Uncle Dave Macon - Keep My Skillet Good & Greasy cover album

Insieme a Jimmie Rodgers ed alla Carter Family il vecchio Uncle Dave Macon divide il primato del maggior numero di LP all’attivo tra i pionieri dell’otm su disco. Negli ultimi cinque anni, oltre alla massiccia riedizione delle matrici originali (circa il 75% del materiale inciso da Macon a scopo ‘commerciale’), abbiamo visto apparire due interessantissime pubblicazioni: una raccolta di brani realizzati per puro piacere personale (Rounder 1028) e stralci di una registrazione eseguita dallo studioso di folklore Charles F. Bryan a casa del nostro pochi mesi prima della sua scomparsa (Davis Unlimited TFS-101, ormai introvabile). Nonostante la rarità dei 78rpm ancora a disposizione la Old Homestead continua imperterrita nella sua opera archeologica e ci offre fresco di stampa questo Keep My Skillet Good & Greasy imperniato generosamente su 18 brani.
A differenza di Rodgers e dei Carters, artisti con un repertorio consistente ma affatto variegato, Uncle Dave ha inciso nel corso della sua lunga carriera discografica (1924-1950) di tutto: ballate, canzoni popolari, composizioni topiche autografe o meno, divertentissimi sketch musicali, vecchie minstrel-songs (ed a tale proposito dobbiamo quasi interamente a lui l’opera di ricerca, restauro e conservazione di questa parte vitale del folklore musicale a cavallo tra le forme arcaiche di avanspettacolo e il cabaret d’alto bordo), fiddle-tunes per banjo o in formazioni a string band, blues presi a prestito da musicisti di colore (e restituiti con gli interessi), molti gospels, pezzi di pregevole virtuosismo strumentale.

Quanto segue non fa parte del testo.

(* Let $p\equiv1\pmod8$ and $q\equiv3\pmod8$ be primes with $\left(\frac pq\right)=1$, $\mathbb{K}=\mathbb{Q}(\sqrt2,\sqrt p,\sqrt q)$, and write $\varepsilon_{2pq}=x+y\sqrt{2pq}$, $\varepsilon_{pq}=v+w\sqrt{pq}$ with integers $x,y,v,w$. For $\eta\in\mathbb{K}$ and $\sigma\in\mathrm{Gal}(\mathbb{K}/\mathbb{Q})$ put $\eta^{1+\sigma}=\eta\sigma(\eta)$. Then $\varepsilon_{2pq}$ and $\varepsilon_{pq}$ are squares in $\mathbb{K}$ and, for either square root $\eta$ of $\varepsilon_{2pq}$ in $\mathbb{K}$, the values $(\eta^{1+\tau_2},\eta^{1+\tau_1\tau_2},\eta^{1+\tau_1\tau_3},\eta^{1+\tau_2\tau_3},\eta^{1+\tau_1})$ are: $(-1,-\varepsilon_{2pq},-\varepsilon_{2pq},\varepsilon_{2pq},1)$ if $x-1$ is a square in $\mathbb{N}$; $(1,\varepsilon_{2pq},-\varepsilon_{2pq},-\varepsilon_{2pq},1)$ if $p(x-1)$ is a square in $\mathbb{N}$; $(-1,-\varepsilon_{2pq},\varepsilon_{2pq},-\varepsilon_{2pq},1)$ if $2p(x+1)$ is a square in $\mathbb{N}$. For either square root $\eta$ of $\varepsilon_{pq}$ in $\mathbb{K}$, the same tuple equals: $(-1,1,1,\varepsilon_{pq},-\varepsilon_{pq})$ if $v-1$ is a square in $\mathbb{N}$; $(1,-1,1,-\varepsilon_{pq},-\varepsilon_{pq})$ if $p(v-1)$ is a square in $\mathbb{N}$; $(-1,-1,1,-\varepsilon_{pq},\varepsilon_{pq})$ if $2p(v+1)$ is a square in $\mathbb{N}$.
   Context: For squarefree $d>1$, $\varepsilon_d>1$ is the fundamental unit of $\mathbb{Q}(\sqrt d)$. Under the hypotheses, exactly one of $x-1$, $p(x-1)$, $2p(x+1)$ is a square in $\mathbb{N}$ and exactly one of $v-1$, $p(v-1)$, $2p(v+1)$ is. $\tau_1,\tau_2,\tau_3\in\mathrm{Gal}(\mathbb{K}/\mathbb{Q})$: $\tau_1$ sends $\sqrt2\mapsto-\sqrt2$ and fixes $\sqrt p,\sqrt q$; $\tau_2$ sends $\sqrt p\mapsto-\sqrt p$ and fixes $\sqrt2,\sqrt q$; $\tau_3$ sends $\sqrt q\mapsto-\sqrt q$ and fixes $\sqrt2,\sqrt p$. *)

theory Defs
  imports "HOL-Computational_Algebra.Polynomial" "HOL-Number_Theory.Number_Theory"
begin

definition quad_field :: "nat \<Rightarrow> real set" where
  "quad_field d = {a + b * sqrt (real d) | a b. a \<in> \<rat> \<and> b \<in> \<rat>}"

Scegliendo a caso una dozzina di motivi nella discografia di Macon si potrebbe facilmente avere un panorama completo della musica tradizionale e popolare nordamericana, compresi il rapido sviluppo dagli anni Venti agli anni Cinquanta e le lente, quasi impercettibili, mutazioni.

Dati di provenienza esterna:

lemma perron_eigenvector_exists:
  "\<exists>v. v \<in> vecs n \<and> (\<forall>i<n. 0 < v i) \<and> v 0 = 1 \<and> (\<forall>i<n. tapp m n B v i = rho * v i ^ (m - 1))"
proof -
  obtain x0 where "x0 \<in> cw_box" "\<forall>i<n. tapp m n B x0 i \<le> rho * x0 i ^ (m - 1)"
    using rho_attained by blast
  then have x0: "x0 \<in> cw_sub"
    unfolding cw_sub_def cw_box_def by fastforce
  have "card (strict_rows y) < Suc n" for y
    using card_mono[OF _ strict_rows_subset, of y] by simp
  then obtain x where x: "x \<in> cw_sub" and x_max: "\<forall>y\<in>cw_sub. card (strict_rows y) \<le> card (strict_rows x)"
    using ex_has_greatest_nat[of "\<lambda>y. y \<in> cw_sub" x0 "\<lambda>y. card (strict_rows y)" "Suc n"] x0 by blast
  have pos: "\<forall>i<n. 0 < x i" and sub: "\<forall>i<n. tapp m n B x i \<le> rho * x i ^ (m - 1)"
    using x unfolding cw_sub_def by auto
  have "strict_rows x = {}"
    using strict_rows_grow[OF x _ strict_rows_not_all[OF x]] x_max by fastforce
  then have eig: "tapp m n B x i = rho * x i ^ (m - 1)" if "i < n" for i
    using sub that unfolding strict_rows_def by fastforce
  define v where "v i = (if i < n then inverse (x 0) * x i else 0)" for i
  have x0_pos: "0 < x 0"
    using pos dim_pos by simp
  have "tapp m n B v i = rho * v i ^ (m - 1)" if i: "i < n" for i
  proof -
    have "tapp m n B v i = inverse (x 0) ^ (m - 1) * tapp m n B x i"
      by (simp add: v_def tapp_cong[of n v "\<lambda>i. inverse (x 0) * x i"] tapp_scale)
    then show ?thesis
      using eig[OF i] i unfolding v_def by (simp add: power_mult_distrib)
  qed
  moreover have "v \<in> vecs n" "\<forall>i<n. 0 < v i" "v 0 = 1"
    unfolding v_def vecs_def using pos x0_pos dim_pos by auto
  ultimately show ?thesis
    by blast
qed

abbreviation cB :: "nat list \<Rightarrow> complex" where
  "cB is \<equiv> complex_of_real (B is)"

lemma norm_eigenvalue_le_rho:
  assumes v: "\<forall>i<n. 0 < v i" "\<forall>i<n. tapp m n B v i = rho * v i ^ (m - 1)"
    and y: "\<exists>i<n. y i \<noteq> 0" "\<forall>i<n. tapp m n cB y i = lam * y i ^ (m - 1)"
  shows "cmod lam \<le> rho"
proof -
  obtain i0 where i0: "i0 < n" "\<forall>j<n. cmod (y j) / v j \<le> cmod (y i0) / v i0"
    using ex_max_below[OF dim_pos, of "\<lambda>j. cmod (y j) / v j"] by blast
  define t where "t = cmod (y i0) / v i0"
  obtain i1 where i1: "i1 < n" "y i1 \<noteq> 0"
    using y(1) by blast
  have "0 < cmod (y i1) / v i1"
    using i1 v(1) by simp
  then have t_pos: "0 < t"
    using i0(2) i1(1) unfolding t_def by (meson less_le_trans)
  have y_le: "\<forall>j<n. 0 \<le> cmod (y j) \<and> cmod (y j) \<le> t * v j"
    using i0(2) v(1) unfolding t_def by (auto simp: pos_divide_le_eq)
  have "0 < v i0"
    using v(1) i0(1) by simp
  then have y_i0: "cmod (y i0) = t * v i0"
    unfolding t_def by simp
  have "cmod lam * cmod (y i0) ^ (m - 1) = cmod (tapp m n cB y i0)"
    using y(2) i0(1) by (simp add: norm_mult norm_power)
  also have "\<dots> \<le> tapp m n B (\<lambda>i. cmod (y i)) i0"
    by (rule norm_tapp_le[OF nonneg_row[OF i0(1)]])
  also have "\<dots> \<le> tapp m n B (\<lambda>i. t * v i) i0"
    by (rule tapp_mono[OF nonneg_row[OF i0(1)] y_le])
  also have "\<dots> = rho * cmod (y i0) ^ (m - 1)"
    using v(2) i0(1) y_i0 by (simp add: tapp_scale power_mult_distrib)
  finally have "cmod lam * cmod (y i0) ^ (m - 1) \<le> rho * cmod (y i0) ^ (m - 1)" .
  moreover have "0 < cmod (y i0) ^ (m - 1)"
    using y_i0 t_pos v(1) i0(1) by simp
  ultimately show ?thesis
    by simp
qed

Irriducibile conservatore e castigatore dei costumi oltre ogni dire (memorabili la sua filippica contro la teoria dell’evoluzione di Darwin e la sua tenace avversione, dettata non solo da motivi ecologici, per i moderni mezzi di locomozione), Macon ha lasciato alcune composizioni che ancora a distanza di anni non hanno minimamente perso il loro pungente sarcasmo, la sottile ironia, spesso la loro verità, la loro attualità.
E’ purtroppo un vero peccato che nella presente antologia quest’ultimo aspetto sia documentato da un singolo brano: All Down & Out Blues, una mirabile descrizione degli effetti, ancora palpabili nel 1937, prodotti dalla Depressione sulla pelle della gran massa degli americani.
Per il resto l’album rappresenta un eccellente campionario del repertorio e degli stili di Dixie Dewdrop (nome d’arte affibiatogli dal maestro di cerimonia della Grand Ole Opry, George D. Hay). Con voce e banjo o accompagnato dai McGee Brothers, da Glenn Stagner e probabilmente da Charlie Arrington, il vecchio arzillo banjoista del Tennessee tiene il suo ennesimo show regalando a tutti il suo sorriso e tutti contaminando con la sua irresistibile gioia di vivere, stuzzicando e disorientando con poche note i seguaci della sua tecnica strumentale, alimentando la schiera dei suoi eredi (John Hartford, David Holt, Bob Coltman, i più fedeli e i più originali), strizzando un occhio d’intesa verso gli ascoltatori, disposti oggi come cinquant’anni fa a farsi portare sulle ali della fantasia dimenticando per lo spazio di un’ora le incombenze quotidiane.

Dal suo famoso, caratteristico cappello Macon tira fuori – e questo è un vero e proprio regalo del curatore dell’opera, essendo le matrici di una rarità senza eguali – le quattro parti degli Uncle Dave’s Travels, lunghi medley che da soli contengono più elementi di folklore americano (americano al 100%), musicale e non, di qualsiasi altro brano inciso negli anni tra le due guerre mondiali.
Un ultimo appunto. Tutti i motivi che appaiono qui sono stati già riediti in varie compilazioni la cui scarsa (c/o Vetco, Historical) o scarsissima (c/o Decca, Folk Variety) reperibilità al momento attuale ridà credito e valore al lavoro della Old Homestead.